Presentation of Trouville

Trouville-sur-Mer is a city of 5,000 inhabitants located on the Channel. The city is separated from the neighbouring city of Deauville by the estuary of the river Touques, crossed by the pont des Belges. The bridge received its name as a tribute to the Belgian brigade who liberated the cities of Deauville and Trouville in 1944. The coast between Trouville and Cabourg is nicknamed Côte Fleurie, and is a succession of sea resorts, from east to west : Trouville, Deauville, Benerville, Blonville, Villers, Houlgate and Cabourg.

The name of Trouville is of Norse origin. The root trou- has nothing to do with the French word trou (hole) and has been interpreted as Thoruflr, literally Thor's wolf. The suffix -ville comes from the Latin word villa, which designated a rural estate.
Therefore, Trouville can be understood as the "Thor's wolf's estate".

Trouville is divided into two distinct, but adjacent areas, the fishing port, built along the river Touques, and the sea resort, built along the sand beach.

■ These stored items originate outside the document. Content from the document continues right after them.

definition FCourseFinal :: "nat \<Rightarrow> nat \<Rightarrow> nat \<Rightarrow> form" where
  "FCourseFinal n y b = FAllN (b+1) (FAllN (b+3) (FImp (FAnd (FEqLevel (b+1) n)
     (FGraph (b+1) (b+3) (b+5))) (FEqLevel (b+3) y)))"

definition FPrimRec :: "nat \<Rightarrow> nat \<Rightarrow> nat \<Rightarrow> form \<Rightarrow> form \<Rightarrow> form" where
  "FPrimRec n y b Ff Fg = FExN b (FExLevel 0 b (FExLevel 1 b
     (FAnd (FCourseTotal n b) (FAnd (FCourseInit b Ff) (FAnd (FCourseStep n b Fg) (FCourseFinal n y b))))))"

lemma sat_FCourseTotal:
  assumes "n < b"
  shows "sat \<nu> \<sigma> (FCourseTotal n b) \<longleftrightarrow> (\<forall>i\<le>length (\<nu> n). \<exists>v. graph_rel (\<sigma> 0) (\<sigma> 1) i v)"
  using assms by (simp add: FCourseTotal_def sat_FLevelLess sat_FGraph not_less) (metis ex_node_of_length)

lemma sat_FCourseInit:
  assumes Ff: "\<And>\<nu>'. \<forall>x<b. \<nu>' x = \<nu> x \<Longrightarrow> sat \<nu>' \<sigma> Ff \<longleftrightarrow> Pf (length (\<nu>' (b+3)))"
  shows "sat \<nu> \<sigma> (FCourseInit b Ff) \<longleftrightarrow> (\<forall>v. graph_rel (\<sigma> 0) (\<sigma> 1) 0 v \<longrightarrow> Pf v)"
  by (simp add: FCourseInit_def sat_FRoot sat_FGraph Ff) (metis ex_node_of_length)

lemma sat_FCourseStep:
  assumes "n < b"
    and Fg: "\<And>\<nu>'. \<forall>x<b. \<nu>' x = \<nu> x \<Longrightarrow>
      sat \<nu>' \<sigma> Fg \<longleftrightarrow> Pg (length (\<nu>' (b+3))) (length (\<nu>' (b+1))) (length (\<nu>' (b+4)))"
  shows "sat \<nu> \<sigma> (FCourseStep n b Fg) \<longleftrightarrow>
    (\<forall>i v w. i < length (\<nu> n) \<and> graph_rel (\<sigma> 0) (\<sigma> 1) i v \<and> graph_rel (\<sigma> 0) (\<sigma> 1) (Suc i) w
       \<longrightarrow> Pg v i w)"
  using assms(1)
  by (simp add: FCourseStep_def sat_FLevelLess sat_FNextLevel sat_FGraph Fg) (metis ex_node_of_length)

lemma sat_FCourseFinal:
  assumes "n < b" "y < b"
  shows "sat \<nu> \<sigma> (FCourseFinal n y b) \<longleftrightarrow> (\<forall>v. graph_rel (\<sigma> 0) (\<sigma> 1) (length (\<nu> n)) v \<longrightarrow> v = length (\<nu> y))"
  using assms by (simp add: FCourseFinal_def sat_FGraph eq_level_def) (metis ex_node_of_length)

lemma sat_FPrimRec:
  assumes "n < b" "y < b"
    and Ff: "\<And>\<nu>' \<sigma>'. \<forall>x<b. \<nu>' x = \<nu> x \<Longrightarrow> sat \<nu>' \<sigma>' Ff \<longleftrightarrow> Pf (length (\<nu>' (b+3)))"
    and Fg: "\<And>\<nu>' \<sigma>'. \<forall>x<b. \<nu>' x = \<nu> x \<Longrightarrow>
      sat \<nu>' \<sigma>' Fg \<longleftrightarrow> Pg (length (\<nu>' (b+3))) (length (\<nu>' (b+1))) (length (\<nu>' (b+4)))"
  shows "sat \<nu> \<sigma> (FPrimRec n y b Ff Fg) \<longleftrightarrow>
    (\<exists>L X Y. X \<subseteq> {w. length w = L} \<and> Y \<subseteq> {w. length w = L} \<and>
       prim_course (length (\<nu> n)) (length (\<nu> y)) Pf Pg (graph_rel X Y))"
proof -
  have "sat (\<nu>(b := u)) (\<sigma>(0 := X, 1 := Y))
      (FAnd (FCourseTotal n b) (FAnd (FCourseInit b Ff) (FAnd (FCourseStep n b Fg) (FCourseFinal n y b))))
    \<longleftrightarrow> prim_course (length (\<nu> n)) (length (\<nu> y)) Pf Pg (graph_rel X Y)" for u X Y
    using assms
    by (simp add: prim_course_def sat_FCourseTotal sat_FCourseInit sat_FCourseStep sat_FCourseFinal)
      blast
  then show ?thesis
    by (simp add: FPrimRec_def level_def) (metis ex_node_of_length)
qed

section \<open>Definability of recursive functions\<close>

abbreviation levels :: "(nat \<Rightarrow> node) \<Rightarrow> nat list \<Rightarrow> nat list" where
  "levels \<nu> vs \<equiv> map (\<lambda>v. length (\<nu> v)) vs"

text \<open>In \<open>rep f vs y b\<close> the bound variables are those from \<open>b\<close> on.  For a composition,
  \<open>rep_comp\<close> binds the values of the inner functions to \<open>j, j + 1, \<dots>\<close> and then
  asserts \<open>t\<close>.\<close>

fun rep :: "recf \<Rightarrow> nat list \<Rightarrow> nat \<Rightarrow> nat \<Rightarrow> form"
and rep_comp :: "recf list \<Rightarrow> nat list \<Rightarrow> nat \<Rightarrow> nat \<Rightarrow> form \<Rightarrow> form" where
  "rep RZ vs y b = FRoot y b"
| "rep RS vs y b = (case vs of [] \<Rightarrow> FFalse | v # _ \<Rightarrow> FNextLevel v y b)"
| "rep (RProj i) vs y b = (if i < length vs then FEqLevel (vs ! i) y else FFalse)"
| "rep (RComp f gs) vs y b =
     rep_comp gs vs b (b + length gs) (rep f [b..<b + length gs] y (b + length gs))"
| "rep (RPrim f g) vs y b = (case vs of [] \<Rightarrow> FFalse | n # ws \<Rightarrow>
     FPrimRec n y b (rep f ws (b+3) (b+5)) (rep g ((b+3) # (b+1) # ws) (b+4) (b+5)))"
| "rep (RMn f) vs y b = FAnd
     (FExN b (FAnd (FRoot b (Suc b)) (rep f (y # vs) b (Suc b))))
     (FAllN b (FImp (FLevelLess b y (Suc b))
        (FExN (Suc b) (FAnd (FNeg (FRoot (Suc b) (b+2))) (rep f (b # vs) (Suc b) (b+2))))))"
| "rep_comp [] vs j b t = t"
| "rep_comp (g # gs) vs j b t = FExN j (FAnd (rep g vs j b) (rep_comp gs vs (Suc j) b t))"

definition rep_defines :: "recf \<Rightarrow> bool" where
  "rep_defines f \<longleftrightarrow> (\<forall>vs y b \<nu> \<sigma>. (\<forall>v\<in>set vs. v < b) \<longrightarrow> y < b \<longrightarrow>
     (sat \<nu> \<sigma> (rep f vs y b) \<longleftrightarrow> reval f (levels \<nu> vs) (length (\<nu> y))))"

lemma rep_definesD:
  "rep_defines f \<Longrightarrow> \<forall>v\<in>set vs. v < b \<Longrightarrow> y < b \<Longrightarrow>
   sat \<nu> \<sigma> (rep f vs y b) \<longleftrightarrow> reval f (levels \<nu> vs) (length (\<nu> y))"
  unfolding rep_defines_def by blast

lemma levels_cong: "\<forall>x<b. \<nu>' x = \<nu> x \<Longrightarrow> \<forall>v\<in>set vs. v < b \<Longrightarrow> levels \<nu>' vs = levels \<nu> vs"
  by auto

lemma rep_defines_RZ: "rep_defines RZ"
  by (auto simp: rep_defines_def sat_FRoot elim: reval_RZE intro: reval.zero)

lemma rep_defines_RS: "rep_defines RS"
  unfolding rep_defines_def
  by (auto simp: sat_FNextLevel elim: reval_RSE intro: reval.succ split: list.split)

lemma rep_defines_RProj: "rep_defines (RProj i)"
  unfolding rep_defines_def
proof (intro allI impI)
  fix vs :: "nat list" and y b :: nat and \<nu> \<sigma>
  show "sat \<nu> \<sigma> (rep (RProj i) vs y b) \<longleftrightarrow> reval (RProj i) (levels \<nu> vs) (length (\<nu> y))"
    using reval.proj[of i "levels \<nu> vs"] by (auto simp: eq_level_def elim: reval_RProjE)
qed

lemma rep_defines_RPrim:
  assumes f: "rep_defines f" and g: "rep_defines g"
  shows "rep_defines (RPrim f g)"
  unfolding rep_defines_def
proof (intro allI impI)
  fix vs :: "nat list" and y b :: nat and \<nu> \<sigma>
  assume vs: "\<forall>v\<in>set vs. v < b" and y: "y < b"
  show "sat \<nu> \<sigma> (rep (RPrim f g) vs y b) \<longleftrightarrow> reval (RPrim f g) (levels \<nu> vs) (length (\<nu> y))"
  proof (cases vs)
    case Nil
    then show ?thesis by (auto elim: reval_RPrimE)
  next
    case (Cons n ws)
    have ws: "\<forall>v\<in>set ws. v < b" and n: "n < b" using vs Cons by auto
    then have ws': "\<forall>v\<in>set ws. v < b + k" for k by auto
    have Ff: "sat \<nu>' \<sigma>' (rep f ws (b+3) (b+5)) \<longleftrightarrow> reval f (levels \<nu> ws) (length (\<nu>' (b+3)))"
      if "\<forall>x<b. \<nu>' x = \<nu> x" for \<nu>' \<sigma>'
      using rep_definesD[OF f ws'[of 5], of "b+3" \<nu>' \<sigma>'] ws levels_cong[OF that ws] by auto
    have Fg: "sat \<nu>' \<sigma>' (rep g ((b+3) # (b+1) # ws) (b+4) (b+5)) \<longleftrightarrow>
        reval g (length (\<nu>' (b+3)) # length (\<nu>' (b+1)) # levels \<nu> ws) (length (\<nu>' (b+4)))"
      if "\<forall>x<b. \<nu>' x = \<nu> x" for \<nu>' \<sigma>'
      using rep_definesD[OF g, of "(b+3) # (b+1) # ws" "b+5" "b+4" \<nu>' \<sigma>'] ws'[of 5] ws levels_cong[OF that ws]
      by auto
    have "sat \<nu> \<sigma> (rep (RPrim f g) vs y b) \<longleftrightarrow> (\<exists>L X Y. X \<subseteq> {w. length w = L} \<and> Y \<subseteq> {w. length w = L} \<and>
      prim_course (length (\<nu> n)) (length (\<nu> y))
        (reval f (levels \<nu> ws)) (\<lambda>v i w. reval g (v # i # levels \<nu> ws) w) (graph_rel X Y))"
      unfolding Cons rep.simps list.case using n y
      by (intro sat_FPrimRec Ff Fg)
    also have "\<dots> \<longleftrightarrow> reval (RPrim f g) (levels \<nu> vs) (length (\<nu> y))"
      unfolding Cons by (simp add: reval_RPrim_iff_course)
    finally show ?thesis .
  qed
qed

fun assign :: "(nat \<Rightarrow> node) \<Rightarrow> nat \<Rightarrow> node list \<Rightarrow> nat \<Rightarrow> node" where
  "assign \<nu> j [] = \<nu>"
| "assign \<nu> j (u # us) = assign (\<nu>(j := u)) (Suc j) us"

lemma assign_below: "x < j \<Longrightarrow> assign \<nu> j us x = \<nu> x"
  by (induction us arbitrary: \<nu> j) auto

lemma assign_nth: "k < length us \<Longrightarrow> assign \<nu> j us (j + k) = us ! k"
proof (induction us arbitrary: \<nu> j k)
  case (Cons u us)
  show ?case
  proof (cases k)
    case (Suc k')
    then have "assign (\<nu>(j := u)) (Suc j) us (Suc j + k') = us ! k'"
      using Cons by (intro Cons.IH) simp
    then show ?thesis using Suc by simp
  qed (simp add: assign_below)
qed simp

lemma map_assign: "map (assign \<nu> j us) [j..<j + length us] = us"
  by (rule nth_equalityI) (auto simp: assign_nth)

In Normandy, the "industry" of sea bathing started in summer 1824 when the duchess of Berry came to Dieppe with a rich and brilliant court. Under the Second Empire (1852-1870), however, Dieppe was abandoned by the jet-set, and Trouville, located in a less windy environment, was elected "Queen of the Beaches". In fact, the local development of Trouville started in the 1830s, when the English fad of sea bathing was imported to Normandy. The oldest advertisement for Trouville dates back to 1837, in the local newspaper Le Pays d'Auge. Sea bathing was strictly regulated by a municipal decree in 1857: the beach was divided into three sectors, those for women's and men's bathing being separated by a mixed sector. The swimmers had to change their clothes in beach huts provided by the municipality, whereas rich people had "bathing machines" on casters. The railway station of Trouville-Deauville was inaugurated in 1863; the journey from Paris to Trouville-Deauville lasted 5 hours. In 1868, a center for hydrotherapy was built in the gardens of the city hall. Deauville, built from scratch in 1859 by duke of Morny, Napoléon's III half-brother, attracted several of the posh customers of Trouville.
The concurrence of Deauville, however, did not alter too much the fame of Trouville. In 1906, the tourist guide Joane mentioned "big horse races, international regattas, polo, clay pigeon shooting and the Eden-concert theater" in Trouville. The Hôtel de Paris had for regular customers the famous actresses Sarah Bernhardt (1844-1923) and Réjane (1856-1920) and the artistic jet-set of Paris.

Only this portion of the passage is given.